___ Provided entries ___

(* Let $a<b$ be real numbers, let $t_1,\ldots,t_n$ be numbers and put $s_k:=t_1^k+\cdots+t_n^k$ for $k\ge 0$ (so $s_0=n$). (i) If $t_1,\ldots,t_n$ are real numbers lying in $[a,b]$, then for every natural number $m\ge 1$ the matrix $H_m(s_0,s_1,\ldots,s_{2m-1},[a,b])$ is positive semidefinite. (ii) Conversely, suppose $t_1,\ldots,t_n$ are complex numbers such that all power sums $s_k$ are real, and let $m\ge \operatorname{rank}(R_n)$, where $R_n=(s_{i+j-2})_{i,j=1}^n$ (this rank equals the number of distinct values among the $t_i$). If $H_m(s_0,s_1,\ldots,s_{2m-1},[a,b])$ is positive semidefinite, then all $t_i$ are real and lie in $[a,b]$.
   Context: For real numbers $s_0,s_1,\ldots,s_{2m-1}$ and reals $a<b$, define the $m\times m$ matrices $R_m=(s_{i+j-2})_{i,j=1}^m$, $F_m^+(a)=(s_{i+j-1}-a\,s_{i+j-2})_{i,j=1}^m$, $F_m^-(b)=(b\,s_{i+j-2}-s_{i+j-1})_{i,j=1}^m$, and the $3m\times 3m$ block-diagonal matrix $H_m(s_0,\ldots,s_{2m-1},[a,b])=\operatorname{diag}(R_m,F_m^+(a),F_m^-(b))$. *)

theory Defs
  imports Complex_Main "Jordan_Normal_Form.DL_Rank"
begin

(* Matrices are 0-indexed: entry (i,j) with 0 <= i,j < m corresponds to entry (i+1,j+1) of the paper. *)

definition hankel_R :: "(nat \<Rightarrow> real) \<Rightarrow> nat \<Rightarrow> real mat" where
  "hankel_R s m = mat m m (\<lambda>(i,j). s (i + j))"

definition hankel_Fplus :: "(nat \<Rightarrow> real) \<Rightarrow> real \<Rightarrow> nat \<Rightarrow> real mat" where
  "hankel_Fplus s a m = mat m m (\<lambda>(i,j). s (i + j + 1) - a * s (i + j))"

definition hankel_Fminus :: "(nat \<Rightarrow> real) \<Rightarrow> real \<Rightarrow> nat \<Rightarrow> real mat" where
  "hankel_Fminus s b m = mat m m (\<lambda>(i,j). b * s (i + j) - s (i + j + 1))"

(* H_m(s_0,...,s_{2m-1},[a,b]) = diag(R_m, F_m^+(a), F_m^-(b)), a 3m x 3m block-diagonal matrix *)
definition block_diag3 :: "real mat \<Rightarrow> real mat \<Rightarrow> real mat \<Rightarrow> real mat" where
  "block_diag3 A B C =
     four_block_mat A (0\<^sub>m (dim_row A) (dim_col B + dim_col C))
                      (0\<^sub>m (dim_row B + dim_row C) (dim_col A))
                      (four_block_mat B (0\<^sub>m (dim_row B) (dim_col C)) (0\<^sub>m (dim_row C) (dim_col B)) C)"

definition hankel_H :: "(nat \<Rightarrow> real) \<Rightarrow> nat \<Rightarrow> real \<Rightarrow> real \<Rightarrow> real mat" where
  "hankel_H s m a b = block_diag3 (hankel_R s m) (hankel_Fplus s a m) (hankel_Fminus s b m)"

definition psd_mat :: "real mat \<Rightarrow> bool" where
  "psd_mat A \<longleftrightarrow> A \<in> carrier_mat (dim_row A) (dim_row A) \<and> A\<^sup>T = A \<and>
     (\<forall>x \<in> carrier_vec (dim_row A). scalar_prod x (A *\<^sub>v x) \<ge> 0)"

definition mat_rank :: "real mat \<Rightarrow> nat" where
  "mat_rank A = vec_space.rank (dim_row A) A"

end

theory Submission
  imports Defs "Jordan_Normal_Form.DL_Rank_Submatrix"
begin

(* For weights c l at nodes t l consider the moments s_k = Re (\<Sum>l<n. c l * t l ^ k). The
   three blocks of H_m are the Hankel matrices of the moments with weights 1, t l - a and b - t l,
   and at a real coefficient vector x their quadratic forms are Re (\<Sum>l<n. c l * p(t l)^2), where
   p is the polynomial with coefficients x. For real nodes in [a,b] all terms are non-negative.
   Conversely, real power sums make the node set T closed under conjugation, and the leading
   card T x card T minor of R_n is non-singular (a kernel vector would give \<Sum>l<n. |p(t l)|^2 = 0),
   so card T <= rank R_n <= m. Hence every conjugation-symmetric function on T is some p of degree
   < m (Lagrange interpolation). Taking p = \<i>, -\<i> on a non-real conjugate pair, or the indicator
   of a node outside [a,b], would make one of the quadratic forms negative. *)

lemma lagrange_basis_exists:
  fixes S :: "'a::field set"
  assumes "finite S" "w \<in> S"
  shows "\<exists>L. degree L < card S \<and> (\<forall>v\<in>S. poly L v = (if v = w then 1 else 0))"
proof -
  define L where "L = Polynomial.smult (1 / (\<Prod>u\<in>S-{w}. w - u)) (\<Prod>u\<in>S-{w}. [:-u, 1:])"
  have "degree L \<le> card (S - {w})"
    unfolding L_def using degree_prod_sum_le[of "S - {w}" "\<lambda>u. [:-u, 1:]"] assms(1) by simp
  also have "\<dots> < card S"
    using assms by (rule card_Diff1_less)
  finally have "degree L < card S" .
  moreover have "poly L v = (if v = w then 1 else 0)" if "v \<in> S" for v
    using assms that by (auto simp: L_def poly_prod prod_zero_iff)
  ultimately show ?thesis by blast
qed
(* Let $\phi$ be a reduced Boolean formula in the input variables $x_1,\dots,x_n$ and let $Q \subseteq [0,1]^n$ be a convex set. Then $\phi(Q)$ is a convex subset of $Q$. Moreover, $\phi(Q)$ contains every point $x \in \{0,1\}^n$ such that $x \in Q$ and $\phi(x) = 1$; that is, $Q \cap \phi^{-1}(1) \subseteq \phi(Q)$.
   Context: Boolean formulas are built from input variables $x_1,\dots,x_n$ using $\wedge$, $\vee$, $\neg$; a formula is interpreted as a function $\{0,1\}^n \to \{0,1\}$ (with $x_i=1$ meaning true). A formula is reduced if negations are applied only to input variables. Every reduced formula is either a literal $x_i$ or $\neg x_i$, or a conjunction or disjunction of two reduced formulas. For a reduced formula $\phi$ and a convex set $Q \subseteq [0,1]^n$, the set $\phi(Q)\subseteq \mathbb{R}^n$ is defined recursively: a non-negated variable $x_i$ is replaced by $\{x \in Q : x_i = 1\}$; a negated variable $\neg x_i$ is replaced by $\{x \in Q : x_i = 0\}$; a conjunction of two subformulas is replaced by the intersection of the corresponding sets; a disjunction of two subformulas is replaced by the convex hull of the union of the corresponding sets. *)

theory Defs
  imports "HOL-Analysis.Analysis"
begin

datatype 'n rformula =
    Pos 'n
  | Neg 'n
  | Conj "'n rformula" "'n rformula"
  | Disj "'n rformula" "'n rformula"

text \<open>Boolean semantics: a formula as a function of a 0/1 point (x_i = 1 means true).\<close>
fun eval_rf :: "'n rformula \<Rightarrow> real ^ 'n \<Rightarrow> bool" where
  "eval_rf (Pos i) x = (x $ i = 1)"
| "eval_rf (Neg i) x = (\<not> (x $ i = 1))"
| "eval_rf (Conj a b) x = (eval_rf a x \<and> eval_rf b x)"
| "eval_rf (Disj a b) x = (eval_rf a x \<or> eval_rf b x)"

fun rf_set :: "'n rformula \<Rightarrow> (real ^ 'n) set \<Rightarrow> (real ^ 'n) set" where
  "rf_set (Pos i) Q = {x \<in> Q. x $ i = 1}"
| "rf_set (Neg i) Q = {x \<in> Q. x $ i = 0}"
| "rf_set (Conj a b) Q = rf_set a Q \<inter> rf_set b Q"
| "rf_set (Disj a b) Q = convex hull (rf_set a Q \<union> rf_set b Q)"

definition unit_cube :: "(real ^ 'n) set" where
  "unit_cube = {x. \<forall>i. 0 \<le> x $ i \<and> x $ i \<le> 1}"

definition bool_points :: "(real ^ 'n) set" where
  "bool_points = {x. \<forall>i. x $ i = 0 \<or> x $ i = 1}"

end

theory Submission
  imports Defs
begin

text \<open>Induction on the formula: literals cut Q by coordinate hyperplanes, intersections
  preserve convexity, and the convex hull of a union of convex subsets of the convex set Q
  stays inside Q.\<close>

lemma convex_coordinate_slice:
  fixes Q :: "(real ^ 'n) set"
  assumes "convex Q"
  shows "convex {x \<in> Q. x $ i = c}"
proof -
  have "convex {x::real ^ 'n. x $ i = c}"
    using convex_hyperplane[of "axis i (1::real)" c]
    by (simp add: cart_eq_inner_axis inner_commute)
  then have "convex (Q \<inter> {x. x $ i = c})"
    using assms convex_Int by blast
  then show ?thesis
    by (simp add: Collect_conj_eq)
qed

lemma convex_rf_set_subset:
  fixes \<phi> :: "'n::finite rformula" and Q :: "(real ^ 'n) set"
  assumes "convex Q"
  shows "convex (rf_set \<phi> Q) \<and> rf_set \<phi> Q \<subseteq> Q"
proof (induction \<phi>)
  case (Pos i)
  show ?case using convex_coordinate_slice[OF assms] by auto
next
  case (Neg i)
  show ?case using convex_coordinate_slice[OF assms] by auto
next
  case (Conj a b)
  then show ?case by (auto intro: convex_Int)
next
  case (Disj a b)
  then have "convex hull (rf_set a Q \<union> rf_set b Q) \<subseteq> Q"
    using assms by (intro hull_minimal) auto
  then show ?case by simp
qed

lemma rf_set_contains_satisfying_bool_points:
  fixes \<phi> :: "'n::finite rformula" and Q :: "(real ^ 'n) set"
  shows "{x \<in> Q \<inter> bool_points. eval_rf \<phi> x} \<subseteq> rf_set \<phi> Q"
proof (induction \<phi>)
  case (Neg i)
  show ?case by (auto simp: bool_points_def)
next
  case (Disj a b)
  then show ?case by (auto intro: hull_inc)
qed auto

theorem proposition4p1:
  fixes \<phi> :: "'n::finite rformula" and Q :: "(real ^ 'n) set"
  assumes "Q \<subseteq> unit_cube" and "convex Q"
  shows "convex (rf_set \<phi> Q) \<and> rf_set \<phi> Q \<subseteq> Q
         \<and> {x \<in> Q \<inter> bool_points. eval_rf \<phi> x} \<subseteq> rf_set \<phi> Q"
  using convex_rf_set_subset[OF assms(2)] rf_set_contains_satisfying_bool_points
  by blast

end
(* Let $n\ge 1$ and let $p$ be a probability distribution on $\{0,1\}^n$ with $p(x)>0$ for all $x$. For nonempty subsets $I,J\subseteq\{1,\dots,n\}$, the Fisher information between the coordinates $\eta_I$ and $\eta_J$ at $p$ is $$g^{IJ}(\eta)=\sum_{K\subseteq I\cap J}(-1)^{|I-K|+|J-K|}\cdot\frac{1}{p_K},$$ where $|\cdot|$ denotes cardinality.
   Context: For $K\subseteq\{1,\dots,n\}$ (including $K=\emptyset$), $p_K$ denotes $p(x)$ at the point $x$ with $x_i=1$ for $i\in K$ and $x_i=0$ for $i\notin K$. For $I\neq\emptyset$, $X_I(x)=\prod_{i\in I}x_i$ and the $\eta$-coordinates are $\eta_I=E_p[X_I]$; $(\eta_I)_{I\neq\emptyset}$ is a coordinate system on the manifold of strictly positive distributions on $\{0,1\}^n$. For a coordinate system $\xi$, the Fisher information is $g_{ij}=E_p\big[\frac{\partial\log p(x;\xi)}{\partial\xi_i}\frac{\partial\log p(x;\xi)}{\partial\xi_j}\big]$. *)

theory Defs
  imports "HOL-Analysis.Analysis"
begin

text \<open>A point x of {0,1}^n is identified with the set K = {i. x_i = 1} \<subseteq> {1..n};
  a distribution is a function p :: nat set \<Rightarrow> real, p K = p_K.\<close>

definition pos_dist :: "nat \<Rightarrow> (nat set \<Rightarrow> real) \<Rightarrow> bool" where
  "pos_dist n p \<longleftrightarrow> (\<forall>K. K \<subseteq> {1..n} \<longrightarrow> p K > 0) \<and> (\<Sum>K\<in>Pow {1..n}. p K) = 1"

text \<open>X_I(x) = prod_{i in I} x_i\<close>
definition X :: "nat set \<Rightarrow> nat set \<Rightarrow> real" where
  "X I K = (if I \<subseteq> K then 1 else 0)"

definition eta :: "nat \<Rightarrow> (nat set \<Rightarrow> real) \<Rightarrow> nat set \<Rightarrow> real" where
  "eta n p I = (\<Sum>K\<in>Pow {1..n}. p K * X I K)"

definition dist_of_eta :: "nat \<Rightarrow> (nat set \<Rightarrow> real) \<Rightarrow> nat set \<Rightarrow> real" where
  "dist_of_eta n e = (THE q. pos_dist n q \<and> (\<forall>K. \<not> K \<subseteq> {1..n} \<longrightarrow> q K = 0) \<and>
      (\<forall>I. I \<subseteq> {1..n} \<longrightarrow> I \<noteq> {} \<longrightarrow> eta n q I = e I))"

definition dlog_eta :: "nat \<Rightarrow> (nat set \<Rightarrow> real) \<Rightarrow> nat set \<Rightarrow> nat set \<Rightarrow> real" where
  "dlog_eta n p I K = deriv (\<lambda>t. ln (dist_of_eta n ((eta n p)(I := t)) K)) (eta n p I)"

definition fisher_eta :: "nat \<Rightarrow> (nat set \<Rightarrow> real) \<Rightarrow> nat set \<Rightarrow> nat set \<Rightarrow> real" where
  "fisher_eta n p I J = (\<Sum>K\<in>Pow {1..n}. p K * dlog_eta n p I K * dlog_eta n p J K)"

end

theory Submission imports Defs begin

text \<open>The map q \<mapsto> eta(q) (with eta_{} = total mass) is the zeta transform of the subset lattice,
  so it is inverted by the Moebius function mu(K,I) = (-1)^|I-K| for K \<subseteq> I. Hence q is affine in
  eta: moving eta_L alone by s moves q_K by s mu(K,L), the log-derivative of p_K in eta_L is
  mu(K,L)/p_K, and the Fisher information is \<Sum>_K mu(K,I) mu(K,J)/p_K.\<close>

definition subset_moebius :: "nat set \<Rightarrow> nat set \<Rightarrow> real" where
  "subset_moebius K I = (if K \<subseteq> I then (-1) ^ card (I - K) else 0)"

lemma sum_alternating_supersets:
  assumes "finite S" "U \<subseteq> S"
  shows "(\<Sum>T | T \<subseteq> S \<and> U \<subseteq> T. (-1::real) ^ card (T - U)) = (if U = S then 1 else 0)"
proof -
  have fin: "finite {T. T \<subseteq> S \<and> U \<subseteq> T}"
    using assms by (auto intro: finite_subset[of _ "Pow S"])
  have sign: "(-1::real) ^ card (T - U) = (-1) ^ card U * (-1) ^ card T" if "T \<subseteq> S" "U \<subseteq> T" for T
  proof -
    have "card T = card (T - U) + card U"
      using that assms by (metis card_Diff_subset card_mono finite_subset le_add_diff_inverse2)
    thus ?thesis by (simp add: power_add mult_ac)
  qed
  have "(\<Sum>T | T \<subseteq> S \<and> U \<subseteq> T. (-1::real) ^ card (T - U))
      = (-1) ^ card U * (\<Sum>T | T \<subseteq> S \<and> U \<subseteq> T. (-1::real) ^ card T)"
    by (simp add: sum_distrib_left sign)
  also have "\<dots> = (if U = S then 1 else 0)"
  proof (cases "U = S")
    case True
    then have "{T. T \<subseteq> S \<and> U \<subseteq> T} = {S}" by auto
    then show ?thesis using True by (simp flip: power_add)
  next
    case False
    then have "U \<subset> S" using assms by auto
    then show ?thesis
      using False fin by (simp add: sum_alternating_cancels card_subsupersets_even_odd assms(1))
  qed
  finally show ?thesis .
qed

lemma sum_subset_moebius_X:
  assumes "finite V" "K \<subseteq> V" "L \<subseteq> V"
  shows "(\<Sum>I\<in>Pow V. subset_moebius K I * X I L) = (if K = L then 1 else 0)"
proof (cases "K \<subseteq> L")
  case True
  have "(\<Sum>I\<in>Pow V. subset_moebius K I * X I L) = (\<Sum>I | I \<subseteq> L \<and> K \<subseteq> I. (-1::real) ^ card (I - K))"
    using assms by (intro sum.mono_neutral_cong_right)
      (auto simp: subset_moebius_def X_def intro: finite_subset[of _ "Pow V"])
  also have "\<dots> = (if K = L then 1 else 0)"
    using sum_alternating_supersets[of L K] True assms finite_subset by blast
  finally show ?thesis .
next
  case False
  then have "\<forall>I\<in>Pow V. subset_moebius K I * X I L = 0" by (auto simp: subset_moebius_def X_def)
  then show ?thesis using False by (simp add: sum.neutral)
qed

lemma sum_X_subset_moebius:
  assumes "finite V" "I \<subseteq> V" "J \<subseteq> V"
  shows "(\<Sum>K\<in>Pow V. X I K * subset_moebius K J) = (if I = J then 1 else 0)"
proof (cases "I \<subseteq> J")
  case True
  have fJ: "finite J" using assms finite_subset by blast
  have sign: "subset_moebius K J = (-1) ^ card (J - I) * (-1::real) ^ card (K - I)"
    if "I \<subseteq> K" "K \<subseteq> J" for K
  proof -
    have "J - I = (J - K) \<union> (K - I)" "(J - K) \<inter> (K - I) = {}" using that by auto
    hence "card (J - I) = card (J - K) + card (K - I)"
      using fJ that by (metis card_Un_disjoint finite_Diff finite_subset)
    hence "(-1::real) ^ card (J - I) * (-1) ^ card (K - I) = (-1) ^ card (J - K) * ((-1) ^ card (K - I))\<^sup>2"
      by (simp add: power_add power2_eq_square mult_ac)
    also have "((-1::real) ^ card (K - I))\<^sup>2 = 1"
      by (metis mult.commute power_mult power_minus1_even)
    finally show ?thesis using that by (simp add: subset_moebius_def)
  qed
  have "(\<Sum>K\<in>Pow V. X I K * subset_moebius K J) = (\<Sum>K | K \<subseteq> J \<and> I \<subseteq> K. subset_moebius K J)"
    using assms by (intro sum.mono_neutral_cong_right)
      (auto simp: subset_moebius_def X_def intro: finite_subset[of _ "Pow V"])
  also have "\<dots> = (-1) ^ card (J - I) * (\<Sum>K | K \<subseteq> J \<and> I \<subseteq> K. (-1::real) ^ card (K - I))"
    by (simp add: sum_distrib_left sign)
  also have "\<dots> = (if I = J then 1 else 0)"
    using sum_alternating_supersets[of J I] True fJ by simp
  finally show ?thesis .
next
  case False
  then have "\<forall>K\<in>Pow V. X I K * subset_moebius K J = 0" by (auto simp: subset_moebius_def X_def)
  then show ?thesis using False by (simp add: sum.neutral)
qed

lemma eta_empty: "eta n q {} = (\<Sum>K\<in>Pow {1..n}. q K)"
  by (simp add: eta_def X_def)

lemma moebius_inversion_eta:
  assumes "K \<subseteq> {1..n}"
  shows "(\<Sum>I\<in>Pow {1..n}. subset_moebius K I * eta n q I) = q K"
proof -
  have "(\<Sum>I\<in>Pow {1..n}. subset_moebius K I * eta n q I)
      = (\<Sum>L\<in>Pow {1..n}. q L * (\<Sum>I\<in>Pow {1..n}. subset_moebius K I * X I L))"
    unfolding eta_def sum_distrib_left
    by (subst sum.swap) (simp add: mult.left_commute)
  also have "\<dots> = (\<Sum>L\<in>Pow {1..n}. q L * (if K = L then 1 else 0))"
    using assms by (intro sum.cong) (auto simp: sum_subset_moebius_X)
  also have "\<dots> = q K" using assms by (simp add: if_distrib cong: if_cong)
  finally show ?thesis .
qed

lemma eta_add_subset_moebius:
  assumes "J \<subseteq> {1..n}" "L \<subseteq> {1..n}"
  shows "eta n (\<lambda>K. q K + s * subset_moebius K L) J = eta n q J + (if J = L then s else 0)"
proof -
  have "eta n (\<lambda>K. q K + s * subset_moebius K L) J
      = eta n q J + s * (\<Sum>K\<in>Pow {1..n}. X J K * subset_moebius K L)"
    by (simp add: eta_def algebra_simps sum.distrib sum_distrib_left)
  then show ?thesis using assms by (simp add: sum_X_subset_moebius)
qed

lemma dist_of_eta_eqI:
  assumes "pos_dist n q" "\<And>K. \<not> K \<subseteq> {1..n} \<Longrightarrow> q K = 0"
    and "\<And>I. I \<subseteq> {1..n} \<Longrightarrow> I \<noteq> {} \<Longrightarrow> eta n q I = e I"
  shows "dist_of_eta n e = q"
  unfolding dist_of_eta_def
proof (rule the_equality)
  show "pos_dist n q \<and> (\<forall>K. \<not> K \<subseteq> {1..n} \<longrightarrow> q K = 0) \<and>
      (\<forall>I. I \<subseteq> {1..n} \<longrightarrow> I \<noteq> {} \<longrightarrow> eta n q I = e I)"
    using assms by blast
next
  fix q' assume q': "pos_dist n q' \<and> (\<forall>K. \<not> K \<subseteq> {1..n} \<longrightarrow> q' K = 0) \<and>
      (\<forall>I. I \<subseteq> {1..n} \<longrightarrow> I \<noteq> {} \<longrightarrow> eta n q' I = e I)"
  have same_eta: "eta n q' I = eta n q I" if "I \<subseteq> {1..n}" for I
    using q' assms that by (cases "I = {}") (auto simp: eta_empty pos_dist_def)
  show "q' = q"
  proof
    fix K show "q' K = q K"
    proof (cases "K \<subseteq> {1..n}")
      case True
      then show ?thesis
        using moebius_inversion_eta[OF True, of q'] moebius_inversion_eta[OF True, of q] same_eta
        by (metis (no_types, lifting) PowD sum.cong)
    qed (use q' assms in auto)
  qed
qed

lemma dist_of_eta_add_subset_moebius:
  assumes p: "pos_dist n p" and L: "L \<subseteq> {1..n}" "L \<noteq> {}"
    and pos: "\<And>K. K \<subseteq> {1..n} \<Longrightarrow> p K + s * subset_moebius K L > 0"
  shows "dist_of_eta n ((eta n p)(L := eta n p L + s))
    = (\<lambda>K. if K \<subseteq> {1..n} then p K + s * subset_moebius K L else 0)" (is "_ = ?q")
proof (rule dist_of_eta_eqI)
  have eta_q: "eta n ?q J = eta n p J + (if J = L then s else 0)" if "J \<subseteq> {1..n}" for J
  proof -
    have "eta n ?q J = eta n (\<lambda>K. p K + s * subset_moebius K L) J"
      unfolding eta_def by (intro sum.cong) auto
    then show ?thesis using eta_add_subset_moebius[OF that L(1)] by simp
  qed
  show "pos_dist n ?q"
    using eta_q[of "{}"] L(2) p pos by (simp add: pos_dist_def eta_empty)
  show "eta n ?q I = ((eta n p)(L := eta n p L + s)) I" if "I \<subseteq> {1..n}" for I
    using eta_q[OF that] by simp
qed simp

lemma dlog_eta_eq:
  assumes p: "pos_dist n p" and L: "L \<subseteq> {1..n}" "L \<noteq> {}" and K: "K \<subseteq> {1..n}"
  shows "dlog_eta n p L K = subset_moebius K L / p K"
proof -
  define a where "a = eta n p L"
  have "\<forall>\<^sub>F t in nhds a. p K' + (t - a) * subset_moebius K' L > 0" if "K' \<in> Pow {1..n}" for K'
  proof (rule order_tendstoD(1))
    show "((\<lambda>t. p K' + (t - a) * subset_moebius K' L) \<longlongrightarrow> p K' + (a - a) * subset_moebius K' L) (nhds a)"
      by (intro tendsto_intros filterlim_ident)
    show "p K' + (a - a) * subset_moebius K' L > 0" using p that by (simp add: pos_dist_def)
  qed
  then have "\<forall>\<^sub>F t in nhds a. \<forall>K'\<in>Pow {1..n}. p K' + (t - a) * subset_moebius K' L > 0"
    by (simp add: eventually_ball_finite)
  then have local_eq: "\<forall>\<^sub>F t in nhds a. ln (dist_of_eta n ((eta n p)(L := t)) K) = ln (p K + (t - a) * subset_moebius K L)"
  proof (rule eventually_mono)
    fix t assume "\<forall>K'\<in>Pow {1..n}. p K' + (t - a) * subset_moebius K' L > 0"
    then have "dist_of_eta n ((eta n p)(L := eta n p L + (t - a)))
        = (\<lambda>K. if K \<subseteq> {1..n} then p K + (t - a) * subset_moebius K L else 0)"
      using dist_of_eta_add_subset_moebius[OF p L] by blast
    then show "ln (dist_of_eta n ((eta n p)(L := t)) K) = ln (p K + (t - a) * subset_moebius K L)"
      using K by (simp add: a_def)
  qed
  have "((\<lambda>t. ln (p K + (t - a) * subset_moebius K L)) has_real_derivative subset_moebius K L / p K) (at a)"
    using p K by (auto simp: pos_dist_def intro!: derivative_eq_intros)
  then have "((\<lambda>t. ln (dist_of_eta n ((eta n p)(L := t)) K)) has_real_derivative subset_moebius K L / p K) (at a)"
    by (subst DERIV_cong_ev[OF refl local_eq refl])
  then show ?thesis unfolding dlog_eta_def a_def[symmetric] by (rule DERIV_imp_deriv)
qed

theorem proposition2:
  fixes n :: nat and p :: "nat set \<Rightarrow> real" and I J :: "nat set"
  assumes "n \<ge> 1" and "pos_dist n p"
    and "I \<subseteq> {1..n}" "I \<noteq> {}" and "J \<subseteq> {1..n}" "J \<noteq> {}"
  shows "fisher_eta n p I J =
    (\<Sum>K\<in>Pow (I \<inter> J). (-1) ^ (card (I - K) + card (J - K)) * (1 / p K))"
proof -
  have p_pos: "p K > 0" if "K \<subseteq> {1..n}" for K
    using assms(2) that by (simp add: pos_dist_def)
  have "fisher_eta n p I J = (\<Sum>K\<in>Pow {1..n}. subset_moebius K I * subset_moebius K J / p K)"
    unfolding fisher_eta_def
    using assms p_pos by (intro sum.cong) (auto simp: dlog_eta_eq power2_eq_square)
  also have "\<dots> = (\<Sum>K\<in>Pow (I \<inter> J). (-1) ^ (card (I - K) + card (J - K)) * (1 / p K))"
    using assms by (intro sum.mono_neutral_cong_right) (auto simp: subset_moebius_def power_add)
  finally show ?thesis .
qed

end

___

> [What is required] Return every line from the entries above that includes the word "imports".

> [Result below]
  imports Complex_Main "Jordan_Normal_Form.DL_Rank"
  imports Defs "Jordan_Normal_Form.DL_Rank_Submatrix"
  imports "HOL-Analysis.Analysis"
  imports Defs
  imports "HOL-Analysis.Analysis"
theory Submission imports Defs begin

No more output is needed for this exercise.